Si yo puedo ¿Por qué tú no?
Disclaimer:
Ni los personajes de la serie Wakfu ni el universo del krosmoz me pertenecen, son todos de la auditoria de Ankama, gran empresa francesa. Yo tan solo los utilizo para crear esta historia sin ánimo de lucro.
Comentario:
Gasp 1808: Me alegra saber que sigues siendo un fiel lector de este fic, mi kokoro da un saltito cada vez que veo otro review aquí. Y te agradezco el que te hayas molestado en poner tus caps favoritos, aún lo estoy preparando, pero espero publicarlo pronto.
Palabras: 3927
Capítulo IX: La cena
¿Qué hay que perdonar? ¿Tu coraje? ¿Tu valentía? ¿Tus sentimientos puros e irrompibles hacia tu familia? He de decirte, hija mía, que eso son virtudes que se condecoran, no pecados que se perdonan.

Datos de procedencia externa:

(* Fix $n,m,\mu\in\mathbb{N}$ and $\delta\in\mathbb{R}$, and fix angles $\theta_1,\dots,\theta_n$ and $\phi_1,\dots,\phi_m$ satisfying $|\theta_i|,|\phi_j|<\pi/2$ if $\mu=1$ and $|\theta_i|,|\phi_j|<\pi/(2(\mu-1))$ if $\mu>1$. Let $S$ be the set of triples $(x,v,\zeta)\in[0,+\infty)^{n+m}\times[0,+\infty)^n\times(0,+\infty)^m$ with $x_1\geq x_2\geq\cdots\geq x_{n+m}$ such that $$x\succ_w (v_1,\dots,v_n,\zeta_1^\mu,\dots,\zeta_m^\mu)$$ and $$\sum_{i=1}^n x_i^{k/\mu}+\sum_{i=1}^n v_i^{k/\mu}\cos(\theta_i k)\;\geq\;\sum_{i=1}^m \zeta_i^{k}\cos(\phi_i k)\quad\text{for all }k\in\{1,\dots,\mu-1\}.$$ Then $S$ is a convex set.
   Context: For $y\in\mathbb{R}^{N}$, $y^{\downarrow}$ is the vector of its components sorted in descending order; $x\succ_w y$ (weak majorization) means $\sum_{i=1}^k x^{\downarrow}_i\geq\sum_{i=1}^k y^{\downarrow}_i$ for all $k=1,\dots,N$. Interpretation: for a transfer function with poles $p\in\mathbb{C}^n$ ($p_1,\dots,p_{n_r}$ real, the rest non-real) and zeros $z\in\mathbb{C}^m$, with $\theta_i=\angle(p_i+\delta)$, $\phi_j=\angle(z_j+\delta)$, $w_i=(p_i+\delta)^\mu$ for $i\le n_r$ and $w_i=0$ otherwise, $v_i=0$ for $i\le n_r$, $v_i=|p_i+\delta|^\mu$ for $n_r<i\le n$, and $\zeta_j=|z_j+\delta|$, the variables are $x=w^{\downarrow}$, $(v_1,\dots,v_n)$ and $\zeta$, and the two displayed conditions are the sufficient conditions for logarithmic complete monotonicity expressed in these variables. *)

theory Defs
  imports "HOL-Analysis.Analysis"
begin

text \<open>Vectors of length N are represented as lists; the descending rearrangement
  of xs is rev (sort xs).\<close>

definition desc_sort :: "real list \<Rightarrow> real list" where
  "desc_sort xs = rev (sort xs)"

definition weakly_majorizes :: "real list \<Rightarrow> real list \<Rightarrow> bool" where
  "weakly_majorizes xs ys \<longleftrightarrow> length xs = length ys \<and>
     (\<forall>k\<in>{1..length xs}. sum_list (take k (desc_sort xs)) \<ge> sum_list (take k (desc_sort ys)))"

text \<open>The set S. Points of R^(n+m), R^n, R^m are encoded as functions nat \<Rightarrow> real
  with indices 0..N-1 and vanishing outside.\<close>
definition setS :: "nat \<Rightarrow> nat \<Rightarrow> nat \<Rightarrow> (nat \<Rightarrow> real) \<Rightarrow> (nat \<Rightarrow> real)
     \<Rightarrow> ((nat \<Rightarrow> real) \<times> (nat \<Rightarrow> real) \<times> (nat \<Rightarrow> real)) set" where
  "setS n m \<mu> \<theta> \<phi> = {(x, v, \<zeta>).
     (\<forall>i. i \<ge> n + m \<longrightarrow> x i = 0) \<and> (\<forall>i. i \<ge> n \<longrightarrow> v i = 0) \<and> (\<forall>j. j \<ge> m \<longrightarrow> \<zeta> j = 0) \<and>
     (\<forall>i < n + m. x i \<ge> 0) \<and> (\<forall>i < n. v i \<ge> 0) \<and> (\<forall>j < m. \<zeta> j > 0) \<and>
     (\<forall>i j. i \<le> j \<longrightarrow> j < n + m \<longrightarrow> x i \<ge> x j) \<and>
     weakly_majorizes (map x [0..<n+m]) (map v [0..<n] @ map (\<lambda>j. \<zeta> j ^ \<mu>) [0..<m]) \<and>
     (\<forall>k\<in>{1..<\<mu>}.
        (\<Sum>i<n. x i powr (real k / real \<mu>)) + (\<Sum>i<n. v i powr (real k / real \<mu>) * cos (\<theta> i * real k))
          \<ge> (\<Sum>j<m. \<zeta> j ^ k * cos (\<phi> j * real k)))}"

end

theory Submission
  imports Defs
begin

(* Every condition defining S is convex in (x, v, zeta). The support, sign and ordering
   conditions are linear. The sum of the k largest entries of a vector w equals
   min_c (k c + sum_i max (w_i - c) 0), hence is convex and monotone in w; as x is sorted, its
   top-k sums are linear, and zeta |-> zeta^mu is convex on [0, oo), so weak majorization
   survives convex combinations. For 1 <= k < mu the angle bounds give cos (theta_i k) >= 0 and
   cos (phi_j k) >= 0, and k/mu <= 1 makes s |-> s^(k/mu) concave; so the left-hand side of
   the trigonometric condition is concave and its right-hand side convex. *)

lemma concave_on_powr:
  fixes p :: real
  assumes p: "0 < p" "p \<le> 1"
  shows "concave_on {0..} (\<lambda>x. x powr p)"
proof (rule concave_on_linorderI)
  fix t x y :: real
  assume t: "0 < t" "t < 1" and xy: "x \<in> {0..}" "y \<in> {0..}" "x < y"
  show "(1 - t) * x powr p + t * y powr p \<le> ((1 - t) *\<^sub>R x + t *\<^sub>R y) powr p"
  proof (cases "x = 0")
    case True
    have "t powr 1 \<le> t powr p"
      using t p by (intro powr_mono') auto
    then have "t * y powr p \<le> t powr p * y powr p"
      by (intro mult_right_mono) auto
    also have "\<dots> = (t * y) powr p"
      using t xy by (simp add: powr_mult)
    finally show ?thesis
      using True by simp
  next
    case False
    have "concave_on {0<..} (\<lambda>x::real. x powr p)"
    proof (rule f''_le0_imp_concave)
      fix x :: real
      assume x: "x \<in> {0<..}"
      show "((\<lambda>x. x powr p) has_real_derivative p * x powr (p - 1)) (at x)"
        using x by (auto intro!: derivative_eq_intros)
      show "((\<lambda>x. p * x powr (p - 1)) has_real_derivative p * ((p - 1) * x powr (p - 2))) (at x)"
        using x by (auto intro!: derivative_eq_intros simp: algebra_simps)
      show "p * ((p - 1) * x powr (p - 2)) \<le> 0"
        using x p by (intro mult_nonneg_nonpos mult_nonpos_nonneg) auto
    qed simp
    from concave_onD[OF this, of t x y] show ?thesis
      using t xy False by auto
  qed
qed simp

lemma convex_on_power_nonneg: "convex_on {0::real..} (\<lambda>x. x ^ n)"
  by (cases "even n") (auto intro: convex_power_odd convex_on_subset[OF convex_power_even])

lemma convex_on_sum_combination:
  fixes f :: "real \<Rightarrow> real"
  assumes f: "convex_on A f" and t: "0 \<le> t" "t \<le> 1"
    and mem: "\<And>i. i \<in> I \<Longrightarrow> x i \<in> A \<and> y i \<in> A \<and> 0 \<le> c i"
  shows "(\<Sum>i\<in>I. f ((1 - t) * x i + t * y i) * c i)
    \<le> (1 - t) * (\<Sum>i\<in>I. f (x i) * c i) + t * (\<Sum>i\<in>I. f (y i) * c i)"
proof -
  have "(\<Sum>i\<in>I. f ((1 - t) * x i + t * y i) * c i) \<le> (\<Sum>i\<in>I. ((1 - t) * f (x i) + t * f (y i)) * c i)"
  proof (rule sum_mono)
    fix i assume "i \<in> I"
    with convex_onD[OF f, of t "x i" "y i"] mem t
    show "f ((1 - t) * x i + t * y i) * c i \<le> ((1 - t) * f (x i) + t * f (y i)) * c i"
      by (intro mult_right_mono) auto
  qed
  also have "\<dots> = (1 - t) * (\<Sum>i\<in>I. f (x i) * c i) + t * (\<Sum>i\<in>I. f (y i) * c i)"
    by (simp add: distrib_right sum.distrib sum_distrib_left mult.assoc)
  finally show ?thesis .
qed

lemma concave_on_sum_combination:
  fixes f :: "real \<Rightarrow> real"
  assumes f: "concave_on A f" and t: "0 \<le> t" "t \<le> 1"
    and mem: "\<And>i. i \<in> I \<Longrightarrow> x i \<in> A \<and> y i \<in> A \<and> 0 \<le> c i"
  shows "(1 - t) * (\<Sum>i\<in>I. f (x i) * c i) + t * (\<Sum>i\<in>I. f (y i) * c i)
    \<le> (\<Sum>i\<in>I. f ((1 - t) * x i + t * y i) * c i)"
proof -
  have "convex_on A (\<lambda>x. - f x)"
    using f by (simp add: concave_on_def)
  from convex_on_sum_combination[OF this t, of I x y c] mem show ?thesis
    by (simp add: sum_negf)
qed

lemma cos_mult_nonneg:
  assumes \<alpha>: "\<bar>\<alpha>\<bar> < pi / (2 * (real \<mu> - 1))" and k: "k < \<mu>"
  shows "0 \<le> cos (\<alpha> * real k)"
proof (cases "k = 0")
  case False
  then have \<mu>: "real \<mu> - 1 > 0"
    using k by linarith
  have "\<bar>\<alpha> * real k\<bar> \<le> \<bar>\<alpha>\<bar> * (real \<mu> - 1)"
    using k by (simp add: abs_mult mult_left_mono)
  also have "\<dots> \<le> pi / 2"
    using \<alpha> \<mu> by (simp add: field_simps)
  finally show ?thesis
    by (intro cos_ge_zero) auto
qed simp

lemma sum_powr_ge_sum_power_combination:
  fixes x x' v v' z z' c d :: "nat \<Rightarrow> real"
  assumes p: "0 < p" "p \<le> 1" and t: "0 \<le> t" "t \<le> 1"
    and nonneg_n: "\<And>i. i < n \<Longrightarrow> 0 \<le> x i \<and> 0 \<le> x' i \<and> 0 \<le> v i \<and> 0 \<le> v' i \<and> 0 \<le> c i"
    and nonneg_m: "\<And>j. j < m \<Longrightarrow> 0 \<le> z j \<and> 0 \<le> z' j \<and> 0 \<le> d j"
    and ineq: "(\<Sum>j<m. z j ^ k * d j) \<le> (\<Sum>i<n. x i powr p) + (\<Sum>i<n. v i powr p * c i)"
      "(\<Sum>j<m. z' j ^ k * d j) \<le> (\<Sum>i<n. x' i powr p) + (\<Sum>i<n. v' i powr p * c i)"
  shows "(\<Sum>j<m. ((1 - t) * z j + t * z' j) ^ k * d j)
    \<le> (\<Sum>i<n. ((1 - t) * x i + t * x' i) powr p) + (\<Sum>i<n. ((1 - t) * v i + t * v' i) powr p * c i)"
proof -
  note powr = concave_on_sum_combination[OF concave_on_powr[OF p] t]
  have "(1 - t) * (\<Sum>i<n. x i powr p * 1) + t * (\<Sum>i<n. x' i powr p * 1)
      \<le> (\<Sum>i<n. ((1 - t) * x i + t * x' i) powr p * 1)"
    by (rule powr) (simp add: nonneg_n)
  moreover have "(1 - t) * (\<Sum>i<n. v i powr p * c i) + t * (\<Sum>i<n. v' i powr p * c i)
      \<le> (\<Sum>i<n. ((1 - t) * v i + t * v' i) powr p * c i)"
    by (rule powr) (simp add: nonneg_n)
  moreover have "(\<Sum>j<m. ((1 - t) * z j + t * z' j) ^ k * d j)
      \<le> (1 - t) * (\<Sum>j<m. z j ^ k * d j) + t * (\<Sum>j<m. z' j ^ k * d j)"
    by (rule convex_on_sum_combination[OF convex_on_power_nonneg t]) (simp add: nonneg_m)
  moreover have "(1 - t) * (\<Sum>j<m. z j ^ k * d j) + t * (\<Sum>j<m. z' j ^ k * d j)
      \<le> (1 - t) * ((\<Sum>i<n. x i powr p) + (\<Sum>i<n. v i powr p * c i))
        + t * ((\<Sum>i<n. x' i powr p) + (\<Sum>i<n. v' i powr p * c i))"
    using ineq t by (intro add_mono mult_left_mono) auto
  ultimately show ?thesis
    by (simp add: algebra_simps)
qed

definition sum_largest :: "nat \<Rightarrow> real list \<Rightarrow> real" where
  "sum_largest k xs = sum_list (take k (desc_sort xs))"

lemma weakly_majorizes_iff_sum_largest:
  "weakly_majorizes xs ys \<longleftrightarrow>
     length xs = length ys \<and> (\<forall>k\<in>{1..length xs}. sum_largest k ys \<le> sum_largest k xs)"
  by (simp add: weakly_majorizes_def sum_largest_def)

lemma length_desc_sort [simp]: "length (desc_sort xs) = length xs"
  by (simp add: desc_sort_def)

lemma sorted_desc_sort: "sorted_wrt (\<ge>) (desc_sort xs)"
  by (simp add: desc_sort_def sorted_wrt_rev)

lemma desc_sort_id:
  assumes "sorted_wrt (\<ge>) xs"
  shows "desc_sort xs = xs"
proof -
  have "sort xs = rev xs"
    by (rule properties_for_sort) (use assms in \<open>auto simp: sorted_wrt_rev\<close>)
  then show ?thesis
    by (simp add: desc_sort_def)
qed

lemma sum_list_map_desc_sort: "(\<Sum>x\<leftarrow>desc_sort xs. f x) = (\<Sum>x\<leftarrow>xs. f x)"
  for f :: "real \<Rightarrow> real"
  unfolding desc_sort_def by (metis mset_map mset_rev mset_sort sum_mset_sum_list)

lemma sum_largest_le_threshold:
  assumes "k \<le> length xs"
  shows "sum_largest k xs \<le> real k * c + (\<Sum>x\<leftarrow>xs. max (x - c) 0)"
proof -
  let ?d = "desc_sort xs"
  have "sum_largest k xs \<le> (\<Sum>x\<leftarrow>take k ?d. max (x - c) 0 + c)"
    unfolding sum_largest_def using sum_list_mono[of "take k ?d" "\<lambda>x. x"] by simp
  also have "\<dots> = real k * c + (\<Sum>x\<leftarrow>take k ?d. max (x - c) 0)"
    using assms by (simp add: sum_list_addf sum_list_triv)
  also have "(\<Sum>x\<leftarrow>take k ?d. max (x - c) 0) \<le> (\<Sum>x\<leftarrow>?d. max (x - c) 0)"
  proof -
    have "(\<Sum>x\<leftarrow>?d. max (x - c) 0)
        = (\<Sum>x\<leftarrow>take k ?d. max (x - c) 0) + (\<Sum>x\<leftarrow>drop k ?d. max (x - c) 0)"
      by (metis append_take_drop_id map_append sum_list_append)
    moreover have "0 \<le> (\<Sum>x\<leftarrow>drop k ?d. max (x - c) 0)"
      by (intro sum_list_nonneg) auto
    ultimately show ?thesis
      by linarith
  qed
  finally show ?thesis
    by (simp add: sum_list_map_desc_sort)
qed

"La Gran Dragona" en Volviendo del olvido
Valentina Amore
El sol tras ocultarse dio paso a la flamante luna, que, como cada noche, estaba dispuesta a brindar luz y belleza en el Reino Sadida, pintando el paisaje en tonos plateados e impulsando a las bellas flores nocturnas a abrirse y dejar ver sus pétalos de cristal.
Ese paisaje se podía ver des de los ventanales del salón real, siempre abiertos para que todos los ocupantes de la sala pudieran disfrutar durante la velada de las vistas que daban al mar y al bosque, una fusión pintoresca de la que los sadida habían admitido no tener queja alguna.

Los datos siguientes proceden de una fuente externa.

(* For r < s < 1 the Q k are uniformly bounded on the compact circled set
   K = {mu *s (s *R x) : |mu| <= 1, x in closure G}, which lies inside G. *)
lemma abs_summable_locally_uniformly_imp_geometric_decay:
  assumes "bounded G" "complete_circled G" "(\<lambda>_. 0) \<notin> A"
    and Hk: "\<And>k. k \<in> A \<Longrightarrow> Q k \<in> Hk k G"
    and summable: "abs_summable_locally_uniformly_on G A Q"
  shows "geometric_decay_on_dilates G A Q"
  unfolding geometric_decay_on_dilates_def
proof (intro allI impI)
  fix r :: real assume r: "0 < r \<and> r < 1"
  define s where "s = (1 + r) / 2"
  have s: "r < s" "s < 1"
    using r by (auto simp: s_def)
  define K where "K = (\<lambda>(\<mu>, x). \<mu> *s (s *\<^sub>R x)) ` (cball (0::complex) 1 \<times> closure G)"
  have "continuous_on (cball 0 1 \<times> closure G) (\<lambda>(\<mu>, x). \<mu> *s (s *\<^sub>R x))"
    unfolding case_prod_unfold vector_scalar_mult_def by (intro continuous_on_vec_lambda continuous_intros)
  then have K: "compact K"
    unfolding K_def using assms(1) by (intro compact_continuous_image compact_Times) auto
  have KG: "K \<subseteq> G"
    unfolding K_def using complete_circled_scaleR_closure[OF assms(2)] complete_circled_smult[OF assms(2)] r s
    by auto
  have cont: "continuous_on K (Q k)" if "k \<in> A" for k
  proof -
    have "holo_on G (Q k)"
      using Hk[OF that] by (simp add: Hk_def H_def)
    then show ?thesis
      using continuous_on_subset[OF holo_on_imp_continuous_on] KG by blast
  qed
  obtain S where "S > 0" and S: "\<And>k z. k \<in> A \<Longrightarrow> z \<in> K \<Longrightarrow> norm (Q k z) \<le> S"
    using abs_summable_locally_uniformly_on_bounded[OF summable K KG cont] by blast
  have "norm (Q k (r *\<^sub>R x)) \<le> S * (r / s) ^ mlen k" if "k \<in> A" "x \<in> G" for k x
  proof (rule Hk_norm_scaleR_le[OF Hk[OF that(1)] _ assms(2) that(2)])
    show "norm (Q k (\<mu> *s (s *\<^sub>R x))) \<le> S" if "norm \<mu> = 1" for \<mu>
    proof (rule S[OF \<open>k \<in> A\<close>])
      have "(\<mu>, x) \<in> cball 0 1 \<times> closure G"
        using that \<open>x \<in> G\<close> closure_subset by auto
      then show "\<mu> *s (s *\<^sub>R x) \<in> K"
        unfolding K_def by (rule rev_image_eqI) simp
    qed
  qed (use that(1) assms(3) r s in auto)
  then have "\<forall>k\<in>A. \<forall>z\<in>(\<lambda>w. r *\<^sub>R w) ` G. norm (Q k z) \<le> S * (r / s) ^ mlen k"
    by blast
  moreover have "0 < r / s" "r / s < 1"
    using r s by auto
  ultimately show "\<exists>C>0. \<exists>\<theta>. 0 < \<theta> \<and> \<theta> < 1 \<and> (\<forall>k\<in>A. \<forall>z\<in>(\<lambda>w. r *\<^sub>R w) ` G. norm (Q k z) \<le> C * \<theta> ^ mlen k)"
    using \<open>S > 0\<close> by blast
qed
(* Let $N,K,L,T$ be positive integers with $N\ge K+1$, and let $\tau\in\{0,1,\dots,L-1\}$ be an integer timing offset and $\delta_f\in\mathbb{R}$ a (normalized) carrier frequency offset. Consider the noiseless received signal $$\boldsymbol{y}(t)=e^{j2\pi\delta_f t}\,\boldsymbol{h}\,s(t-\tau)+\sum_{k=1}^{K}\boldsymbol{g}_k\, i_k(t)\in\mathbb{C}^N,\qquad t\in\mathbb{Z},$$ where $\boldsymbol{h},\boldsymbol{g}_1,\dots,\boldsymbol{g}_K\in\mathbb{C}^N$ are linearly independent (deterministic, unknown) vectors, and the scalar sequences $s(t)$ and $i_1(t),\dots,i_K(t)$ are random processes that are statistically independent of one another. The values $s(1),\dots,s(T)$ (the preamble) are known to the receiver. For $\omega\in\mathbb{R}$ and $\boldsymbol{w}=[\boldsymbol{w}_0^H,\dots,\boldsymbol{w}_{L-1}^H]^H\in\mathbb{C}^{NL}$ (each $\boldsymbol{w}_l\in\mathbb{C}^N$) define $$F(\omega,\boldsymbol{w})=\sum_{t=1}^{T}\Big|s(t)-\sum_{l=0}^{L-1}e^{-j2\pi\omega(t+l)}\boldsymbol{w}_l^H\boldsymbol{y}(t+l)\Big|^2 .$$ Let $\Omega\subset\mathbb{R}$ be a search set containing $\delta_f$ such that no two distinct elements of $\Omega$ differ by an integer. If $T>(K+1)L$, then with probability one the minimum of $F$ over $\Omega\times\mathbb{C}^{NL}$ equals $0$, and every pair $(\omega^\star,\boldsymbol{w}^\star)\in\Omega\times\mathbb{C}^{NL}$ with $F(\omega^\star,\boldsymbol{w}^\star)=0$ satisfies $\omega^\star=\delta_f$ and $\boldsymbol{w}^\star\in\mathcal{C}$, where $$\mathcal{C}=\Big\{\boldsymbol{w}=(\boldsymbol{w}_l)_{l=0}^{L-1}:\ \boldsymbol{h}^H\boldsymbol{w}_\tau=1,\ \boldsymbol{h}^H\boldsymbol{w}_l=0\ \forall l\ne\tau,\ \boldsymbol{g}_k^H\boldsymbol{w}_l=0\ \forall l\in\{0,\dots,L-1\},\ \forall k\in\{1,\dots,K\}\Big\}.$$
   Context: Setting: a single-antenna transmitter sends a digitally modulated baseband signal $s(t)$ to an $N$-antenna receiver in the presence of $K$ jamming signals $i_k(t)$; time $t$ is measured in sampling intervals. $(\cdot)^H$ denotes conjugate transpose. Equivalently, with $\vec{\boldsymbol{y}}_\omega(t)=[e^{j2\pi\omega t}\boldsymbol{y}^H(t),\dots,e^{j2\pi\omega(t+L-1)}\boldsymbol{y}^H(t+L-1)]^H\in\mathbb{C}^{NL}$, $\boldsymbol{A}_\omega\in\mathbb{C}^{T\times NL}$ the matrix whose $t$-th row is $\vec{\boldsymbol{y}}_\omega^H(t)$, and $\tilde{\boldsymbol{s}}=[s(1),\dots,s(T)]^H$, one has $F(\omega,\boldsymbol{w})=\|\tilde{\boldsymbol{s}}-\boldsymbol{A}_\omega\boldsymbol{w}\|_2^2$. The values $s(t)$ for $t\le 0$ or $t>T$ are unknown data symbols (also random, independent of the jammers). The randomness assumption is used in the sense that the signal samples are generic (e.g., the signals have jointly continuous distributions), so that "with probability one" statements about full-rank data matrices apply. A filter $\boldsymbol{w}\in\mathcal{C}$ used with $\omega=\delta_f$ outputs exactly $s(t)$ in the noiseless case, i.e. it cancels all jammers and compensates the timing and frequency offsets. *)

theory Defs
  imports "HOL-Probability.Probability"
begin

definition hinner :: "complex ^ 'n \<Rightarrow> complex ^ 'n \<Rightarrow> complex" where
  "hinner v u = (\<Sum>i\<in>UNIV. cnj (v $ i) * u $ i)"

definition cindep_family :: "(nat \<Rightarrow> complex ^ 'n) \<Rightarrow> nat \<Rightarrow> bool" where
  "cindep_family v K \<longleftrightarrow>
     (\<forall>c :: nat \<Rightarrow> complex. (\<Sum>k\<in>{0..K}. c k *s v k) = 0 \<longrightarrow> (\<forall>k\<in>{0..K}. c k = 0))"

definition rx :: "(int \<Rightarrow> complex) \<Rightarrow> (nat \<Rightarrow> int \<Rightarrow> complex) \<Rightarrow> complex ^ 'n
      \<Rightarrow> (nat \<Rightarrow> complex ^ 'n) \<Rightarrow> nat \<Rightarrow> nat \<Rightarrow> real \<Rightarrow> int \<Rightarrow> complex ^ 'n" where
  "rx s i h g K tau df t =
     (exp (\<i> * complex_of_real (2 * pi * df * of_int t)) * s (t - int tau)) *s h
     + (\<Sum>k\<in>{1..K}. i k t *s g k)"

(* cost F(omega, w) ; w l is the l-th block w_l, l = 0..L-1 *)
definition costF :: "(int \<Rightarrow> complex) \<Rightarrow> (int \<Rightarrow> complex ^ 'n) \<Rightarrow> nat \<Rightarrow> nat
      \<Rightarrow> real \<Rightarrow> (nat \<Rightarrow> complex ^ 'n) \<Rightarrow> real" where
  "costF s y L T om w =
     (\<Sum>t\<in>{1..int T}. (cmod (s t - (\<Sum>l<L.
         exp (- \<i> * complex_of_real (2 * pi * om * of_int (t + int l))) * hinner (w l) (y (t + int l)))))\<^sup>2)"

definition goodC :: "complex ^ 'n \<Rightarrow> (nat \<Rightarrow> complex ^ 'n) \<Rightarrow> nat \<Rightarrow> nat \<Rightarrow> nat
      \<Rightarrow> (nat \<Rightarrow> complex ^ 'n) set" where
  "goodC h g K L tau = {w. hinner h (w tau) = 1
       \<and> (\<forall>l<L. l \<noteq> tau \<longrightarrow> hinner h (w l) = 0)
       \<and> (\<forall>l<L. \<forall>k\<in>{1..K}. hinner (g k) (w l) = 0)}"

definition proc :: "('w \<Rightarrow> int \<Rightarrow> complex) \<Rightarrow> ('w \<Rightarrow> nat \<Rightarrow> int \<Rightarrow> complex)
      \<Rightarrow> 'w \<Rightarrow> nat \<Rightarrow> int \<Rightarrow> complex" where
  "proc S I x k = (if k = 0 then S x else I x k)"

Sentados en las rígidas sillas, estaban situados los componentes de la familia Percedal, cuyos hijos permanecían entretenidos hablando y de vez en cuando jugando con sus cubiertos imitando peleas de espadas, uno de los pocos entretenimientos que podían tener el aquel lugar.
—Niños, ya basta—Regañó su padre al tiempo que les quitaba los tenedores que sostenían—, empezad a comportaros.
La mueca de disgusto no se hizo tardar en los rostros infantiles.
—Vamos papá—Dijo el pequeño yopuka de cabello anaranjado mientras se cruzaba de brazos sobre su camiseta negra—. Solo estábamos jugando.
Evongel frunció el ceño, al tiempo que colocaba correctamente los objetos anteriormente arrebatados de las manos de sus hijos, intentaba mantener la poca paciencia que había sobrevivido al desastroso entrenamiento que había soportado horas antes, donde sus alborotados arqueros no cesaron de bramar injuriosas quejas y feroces maldiciones al tiempo que él, con la ira nublando su mente, buscaba un culpable.
—Nada de jugar en la mesa, Evole, ya lo sabes—Tras esas palabras su mirada esmeralda se dirigió a la adulta al lado del nombrado, que al captar la mirada acusadora del ocra no pudo evitar un escalofrío—. ¿No es verdad Tristepain?
La mencionada se puso tensa, pero se sintió aliviada al ver que solo quería que colaborara en la conversación.
—Haz caso a tu padre, Evole.
El pequeño infló sus cachetes para después dejarse caer bruscamente contra la silla, recogiendo su muñeco del reposa codos lo sostuvo con enfado, descargando su ira sobre él, como ya tenía por costumbre.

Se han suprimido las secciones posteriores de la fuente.